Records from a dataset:
────────────────────
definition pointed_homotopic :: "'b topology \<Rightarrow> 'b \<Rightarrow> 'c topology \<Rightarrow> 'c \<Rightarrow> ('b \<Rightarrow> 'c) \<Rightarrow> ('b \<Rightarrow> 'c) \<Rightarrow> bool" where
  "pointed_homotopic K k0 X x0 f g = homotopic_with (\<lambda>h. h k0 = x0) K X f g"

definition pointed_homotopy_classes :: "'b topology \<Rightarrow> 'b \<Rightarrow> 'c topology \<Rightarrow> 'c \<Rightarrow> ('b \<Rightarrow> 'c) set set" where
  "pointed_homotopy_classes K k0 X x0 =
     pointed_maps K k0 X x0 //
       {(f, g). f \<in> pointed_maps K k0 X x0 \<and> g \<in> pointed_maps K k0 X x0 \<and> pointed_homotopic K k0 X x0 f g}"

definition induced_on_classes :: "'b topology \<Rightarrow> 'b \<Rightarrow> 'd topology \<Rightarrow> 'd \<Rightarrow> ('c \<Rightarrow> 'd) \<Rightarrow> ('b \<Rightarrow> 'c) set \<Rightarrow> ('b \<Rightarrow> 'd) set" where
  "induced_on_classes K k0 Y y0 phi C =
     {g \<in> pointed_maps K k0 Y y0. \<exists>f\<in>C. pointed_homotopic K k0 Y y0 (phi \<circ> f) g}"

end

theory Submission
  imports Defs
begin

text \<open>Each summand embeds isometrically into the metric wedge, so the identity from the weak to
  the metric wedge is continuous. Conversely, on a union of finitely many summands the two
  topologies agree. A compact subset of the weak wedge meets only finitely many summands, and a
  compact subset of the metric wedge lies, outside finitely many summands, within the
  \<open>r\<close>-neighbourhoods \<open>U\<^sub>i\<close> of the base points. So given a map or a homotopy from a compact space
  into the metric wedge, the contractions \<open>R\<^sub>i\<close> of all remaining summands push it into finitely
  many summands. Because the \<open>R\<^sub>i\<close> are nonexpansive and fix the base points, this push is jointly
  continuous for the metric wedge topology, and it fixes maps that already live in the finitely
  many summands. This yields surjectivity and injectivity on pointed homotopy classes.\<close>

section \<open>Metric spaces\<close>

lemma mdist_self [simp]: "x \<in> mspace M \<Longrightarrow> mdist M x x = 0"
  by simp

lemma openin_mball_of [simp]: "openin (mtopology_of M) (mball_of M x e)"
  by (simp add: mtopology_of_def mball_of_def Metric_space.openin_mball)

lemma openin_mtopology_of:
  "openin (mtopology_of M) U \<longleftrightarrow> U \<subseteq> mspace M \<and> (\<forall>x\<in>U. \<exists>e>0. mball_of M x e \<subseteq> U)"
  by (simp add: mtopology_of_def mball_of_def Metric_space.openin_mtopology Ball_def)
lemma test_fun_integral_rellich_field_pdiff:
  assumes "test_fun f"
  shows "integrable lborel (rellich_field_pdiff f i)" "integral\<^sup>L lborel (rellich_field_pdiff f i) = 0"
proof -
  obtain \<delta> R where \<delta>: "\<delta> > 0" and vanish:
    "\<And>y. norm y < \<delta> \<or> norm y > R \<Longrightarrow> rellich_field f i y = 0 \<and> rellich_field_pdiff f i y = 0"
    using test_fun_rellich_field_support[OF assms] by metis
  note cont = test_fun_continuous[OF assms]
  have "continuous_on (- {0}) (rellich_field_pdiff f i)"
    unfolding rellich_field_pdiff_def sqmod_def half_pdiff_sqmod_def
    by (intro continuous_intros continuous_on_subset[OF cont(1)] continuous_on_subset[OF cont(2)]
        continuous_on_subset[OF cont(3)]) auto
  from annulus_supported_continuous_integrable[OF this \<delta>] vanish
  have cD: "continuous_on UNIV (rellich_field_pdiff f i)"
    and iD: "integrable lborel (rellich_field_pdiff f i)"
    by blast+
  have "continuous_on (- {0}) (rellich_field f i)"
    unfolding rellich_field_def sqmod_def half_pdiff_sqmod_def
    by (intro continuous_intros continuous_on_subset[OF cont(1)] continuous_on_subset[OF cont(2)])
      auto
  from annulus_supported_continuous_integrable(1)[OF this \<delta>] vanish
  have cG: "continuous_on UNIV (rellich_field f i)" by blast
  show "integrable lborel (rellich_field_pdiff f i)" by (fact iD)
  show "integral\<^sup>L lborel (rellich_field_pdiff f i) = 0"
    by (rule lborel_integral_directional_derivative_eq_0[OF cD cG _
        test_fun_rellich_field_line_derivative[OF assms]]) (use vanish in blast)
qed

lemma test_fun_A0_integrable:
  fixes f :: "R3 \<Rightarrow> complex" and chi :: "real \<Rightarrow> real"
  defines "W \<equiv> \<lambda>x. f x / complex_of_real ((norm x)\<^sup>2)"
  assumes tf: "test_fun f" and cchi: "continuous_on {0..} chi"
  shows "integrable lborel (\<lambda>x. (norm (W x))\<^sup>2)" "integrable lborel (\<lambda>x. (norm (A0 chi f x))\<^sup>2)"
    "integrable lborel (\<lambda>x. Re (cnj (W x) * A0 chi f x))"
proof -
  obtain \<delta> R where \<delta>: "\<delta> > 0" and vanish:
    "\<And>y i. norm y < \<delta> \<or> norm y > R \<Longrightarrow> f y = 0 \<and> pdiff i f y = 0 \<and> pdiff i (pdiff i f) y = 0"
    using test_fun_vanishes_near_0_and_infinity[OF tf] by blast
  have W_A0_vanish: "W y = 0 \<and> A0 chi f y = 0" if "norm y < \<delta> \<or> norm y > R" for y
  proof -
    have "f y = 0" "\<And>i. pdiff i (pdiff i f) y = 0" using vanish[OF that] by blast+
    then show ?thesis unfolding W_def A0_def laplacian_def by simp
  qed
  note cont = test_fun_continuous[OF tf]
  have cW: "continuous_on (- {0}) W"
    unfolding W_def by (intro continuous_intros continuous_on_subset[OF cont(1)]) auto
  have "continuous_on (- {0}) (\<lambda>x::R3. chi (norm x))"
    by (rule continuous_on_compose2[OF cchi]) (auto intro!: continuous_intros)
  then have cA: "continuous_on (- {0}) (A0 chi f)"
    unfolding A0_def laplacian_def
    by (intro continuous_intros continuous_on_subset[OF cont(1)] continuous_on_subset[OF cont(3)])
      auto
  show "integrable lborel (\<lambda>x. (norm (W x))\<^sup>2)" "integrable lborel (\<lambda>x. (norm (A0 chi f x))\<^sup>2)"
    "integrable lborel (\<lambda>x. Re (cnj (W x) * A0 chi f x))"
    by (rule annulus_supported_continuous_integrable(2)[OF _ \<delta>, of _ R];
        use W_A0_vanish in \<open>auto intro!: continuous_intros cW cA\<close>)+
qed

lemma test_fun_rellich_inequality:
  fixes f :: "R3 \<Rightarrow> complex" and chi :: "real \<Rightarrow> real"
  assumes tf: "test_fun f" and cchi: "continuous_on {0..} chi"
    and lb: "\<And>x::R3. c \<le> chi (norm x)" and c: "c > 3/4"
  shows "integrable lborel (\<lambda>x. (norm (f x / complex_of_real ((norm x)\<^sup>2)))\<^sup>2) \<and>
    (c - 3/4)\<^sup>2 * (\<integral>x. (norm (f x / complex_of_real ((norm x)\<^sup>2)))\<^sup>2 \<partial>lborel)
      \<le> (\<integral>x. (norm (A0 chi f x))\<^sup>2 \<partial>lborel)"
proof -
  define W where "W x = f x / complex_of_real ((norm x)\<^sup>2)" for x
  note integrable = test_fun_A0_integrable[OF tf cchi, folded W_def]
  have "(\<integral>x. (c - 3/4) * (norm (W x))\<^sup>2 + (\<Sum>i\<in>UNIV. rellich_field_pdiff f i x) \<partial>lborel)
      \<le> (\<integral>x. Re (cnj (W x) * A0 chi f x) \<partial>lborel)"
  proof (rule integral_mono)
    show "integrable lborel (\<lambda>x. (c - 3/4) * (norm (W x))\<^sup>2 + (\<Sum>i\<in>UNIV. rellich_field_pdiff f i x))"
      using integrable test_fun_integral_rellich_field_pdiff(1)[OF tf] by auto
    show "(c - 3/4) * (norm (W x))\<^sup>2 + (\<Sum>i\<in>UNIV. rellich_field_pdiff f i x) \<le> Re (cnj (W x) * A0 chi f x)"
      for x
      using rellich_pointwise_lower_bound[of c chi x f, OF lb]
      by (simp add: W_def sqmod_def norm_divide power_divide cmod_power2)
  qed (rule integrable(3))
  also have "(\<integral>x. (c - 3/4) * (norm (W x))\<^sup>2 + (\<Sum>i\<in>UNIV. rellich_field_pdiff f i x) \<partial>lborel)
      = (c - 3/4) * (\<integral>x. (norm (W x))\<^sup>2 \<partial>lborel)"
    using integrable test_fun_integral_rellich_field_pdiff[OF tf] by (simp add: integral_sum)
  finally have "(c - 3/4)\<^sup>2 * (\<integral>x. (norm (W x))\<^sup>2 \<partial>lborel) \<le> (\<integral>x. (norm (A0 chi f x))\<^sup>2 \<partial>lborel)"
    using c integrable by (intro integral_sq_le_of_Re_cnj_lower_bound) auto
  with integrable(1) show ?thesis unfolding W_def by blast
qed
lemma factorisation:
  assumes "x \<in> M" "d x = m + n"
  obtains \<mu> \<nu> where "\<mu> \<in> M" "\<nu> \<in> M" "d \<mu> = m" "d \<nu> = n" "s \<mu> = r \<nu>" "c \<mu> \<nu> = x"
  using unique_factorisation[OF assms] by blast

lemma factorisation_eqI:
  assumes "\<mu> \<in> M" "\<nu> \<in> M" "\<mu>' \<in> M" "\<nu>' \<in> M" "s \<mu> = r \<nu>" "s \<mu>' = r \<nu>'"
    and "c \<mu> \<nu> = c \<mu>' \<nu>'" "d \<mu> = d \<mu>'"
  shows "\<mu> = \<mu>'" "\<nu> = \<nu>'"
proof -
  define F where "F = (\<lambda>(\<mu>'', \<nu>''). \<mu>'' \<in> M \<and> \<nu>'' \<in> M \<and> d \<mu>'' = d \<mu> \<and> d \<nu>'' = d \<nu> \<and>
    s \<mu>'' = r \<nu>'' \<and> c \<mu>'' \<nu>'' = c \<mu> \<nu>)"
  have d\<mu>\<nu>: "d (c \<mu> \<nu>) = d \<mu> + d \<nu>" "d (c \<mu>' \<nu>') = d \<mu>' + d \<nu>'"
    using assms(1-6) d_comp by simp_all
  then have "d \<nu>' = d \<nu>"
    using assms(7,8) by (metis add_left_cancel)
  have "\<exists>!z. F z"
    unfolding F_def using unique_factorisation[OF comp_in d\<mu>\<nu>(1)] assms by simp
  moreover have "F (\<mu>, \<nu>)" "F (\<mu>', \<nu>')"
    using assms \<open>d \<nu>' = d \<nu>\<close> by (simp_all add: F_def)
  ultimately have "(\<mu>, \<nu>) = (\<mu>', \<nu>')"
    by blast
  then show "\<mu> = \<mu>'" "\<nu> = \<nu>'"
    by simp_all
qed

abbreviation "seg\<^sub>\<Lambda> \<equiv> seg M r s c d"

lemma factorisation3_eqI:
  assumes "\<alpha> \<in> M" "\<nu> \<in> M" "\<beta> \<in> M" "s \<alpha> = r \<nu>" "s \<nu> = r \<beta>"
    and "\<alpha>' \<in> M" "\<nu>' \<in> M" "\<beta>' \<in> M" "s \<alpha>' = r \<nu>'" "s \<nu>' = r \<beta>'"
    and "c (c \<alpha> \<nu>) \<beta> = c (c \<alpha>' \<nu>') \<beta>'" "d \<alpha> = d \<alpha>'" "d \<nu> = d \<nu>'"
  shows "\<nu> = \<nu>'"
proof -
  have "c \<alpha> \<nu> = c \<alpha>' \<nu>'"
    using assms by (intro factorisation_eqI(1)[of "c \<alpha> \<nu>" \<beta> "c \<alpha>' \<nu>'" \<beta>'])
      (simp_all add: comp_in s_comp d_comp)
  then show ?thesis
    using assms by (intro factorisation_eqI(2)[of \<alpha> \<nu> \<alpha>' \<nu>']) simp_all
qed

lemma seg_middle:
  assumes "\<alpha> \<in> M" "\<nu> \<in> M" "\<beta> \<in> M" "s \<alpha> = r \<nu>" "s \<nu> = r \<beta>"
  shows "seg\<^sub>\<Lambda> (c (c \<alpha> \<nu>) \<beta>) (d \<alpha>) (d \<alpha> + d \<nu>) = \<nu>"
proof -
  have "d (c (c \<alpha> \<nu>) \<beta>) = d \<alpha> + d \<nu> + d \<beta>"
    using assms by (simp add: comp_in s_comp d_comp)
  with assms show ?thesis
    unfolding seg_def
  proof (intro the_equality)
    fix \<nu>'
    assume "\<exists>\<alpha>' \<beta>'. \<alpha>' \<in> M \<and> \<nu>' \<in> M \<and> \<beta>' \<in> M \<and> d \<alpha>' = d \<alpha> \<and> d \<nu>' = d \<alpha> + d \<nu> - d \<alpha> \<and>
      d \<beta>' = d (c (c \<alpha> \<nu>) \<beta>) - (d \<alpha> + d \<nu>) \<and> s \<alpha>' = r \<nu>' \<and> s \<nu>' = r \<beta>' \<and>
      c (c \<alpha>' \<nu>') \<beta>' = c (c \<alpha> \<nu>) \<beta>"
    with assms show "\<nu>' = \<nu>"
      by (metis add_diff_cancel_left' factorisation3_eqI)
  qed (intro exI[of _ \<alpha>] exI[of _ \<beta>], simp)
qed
────────────────────
Task to carry out: Copy, without any change, the lines above from the one containing "d \<beta>' = d" to the end, both ends included. Add nothing else.

Your response:
      d \<beta>' = d (c (c \<alpha> \<nu>) \<beta>) - (d \<alpha> + d \<nu>) \<and> s \<alpha>' = r \<nu>' \<and> s \<nu>' = r \<beta>' \<and>
      c (c \<alpha>' \<nu>') \<beta>' = c (c \<alpha> \<nu>) \<beta>"
    with assms show "\<nu>' = \<nu>"
      by (metis add_diff_cancel_left' factorisation3_eqI)
  qed (intro exI[of _ \<alpha>] exI[of _ \<beta>], simp)
qed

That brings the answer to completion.